▸ **Exercise objective**:
Write out the complete data exactly as written.
···
lemma matroid: "matroid G I"
  using weakly_sat unfolding weakly_sat_matroid_def by blast

lemma G_edge: "e \<in> G \<Longrightarrow> \<exists>a b. a < n \<and> b < n \<and> a \<noteq> b \<and> e = {a, b}"
  using G_edges unfolding all_edges_def by blast

lemma spans_embedded_copy:
  assumes X: "X \<subseteq> G" and \<psi>: "inj_on \<psi> VF" "\<psi> ` VF \<subseteq> {..<n}" "\<forall>f\<in>EF. \<psi> ` f \<in> G"
    and e: "e \<in> EF" and others: "\<forall>f\<in>EF. \<psi> ` f \<noteq> \<psi> ` e \<longrightarrow> spans I X (\<psi> ` f)"
  shows "spans I X (\<psi> ` e)"
proof -
  let ?C = "(\<lambda>f. \<psi> ` f) ` EF"
  have C: "?C \<in> copies n VF EF G"
    unfolding copies_def using \<psi> by blast
  show ?thesis
  proof (rule spans_cycle_element[OF matroid])
    show "?C \<subseteq> G" "\<psi> ` e \<in> ?C"
      using \<psi>(3) e by auto
    show "mrank I (?C - {\<psi> ` e}) = mrank I ?C"
      using weakly_sat C e unfolding weakly_sat_matroid_def by blast
    show "\<forall>c\<in>?C - {\<psi> ` e}. spans I X c"
      using others by blast
  qed
qed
···
▸ **Exercise answer**:
lemma matroid: "matroid G I"
  using weakly_sat unfolding weakly_sat_matroid_def by blast

lemma G_edge: "e \<in> G \<Longrightarrow> \<exists>a b. a < n \<and> b < n \<and> a \<noteq> b \<and> e = {a, b}"
  using G_edges unfolding all_edges_def by blast

lemma spans_embedded_copy:
  assumes X: "X \<subseteq> G" and \<psi>: "inj_on \<psi> VF" "\<psi> ` VF \<subseteq> {..<n}" "\<forall>f\<in>EF. \<psi> ` f \<in> G"
    and e: "e \<in> EF" and others: "\<forall>f\<in>EF. \<psi> ` f \<noteq> \<psi> ` e \<longrightarrow> spans I X (\<psi> ` f)"
  shows "spans I X (\<psi> ` e)"
proof -
  let ?C = "(\<lambda>f. \<psi> ` f) ` EF"
  have C: "?C \<in> copies n VF EF G"
    unfolding copies_def using \<psi> by blast
  show ?thesis
  proof (rule spans_cycle_element[OF matroid])
    show "?C \<subseteq> G" "\<psi> ` e \<in> ?C"
      using \<psi>(3) e by auto
    show "mrank I (?C - {\<psi> ` e}) = mrank I ?C"
      using weakly_sat C e unfolding weakly_sat_matroid_def by blast
    show "\<forall>c\<in>?C - {\<psi> ` e}. spans I X c"
      using others by blast
  qed
qed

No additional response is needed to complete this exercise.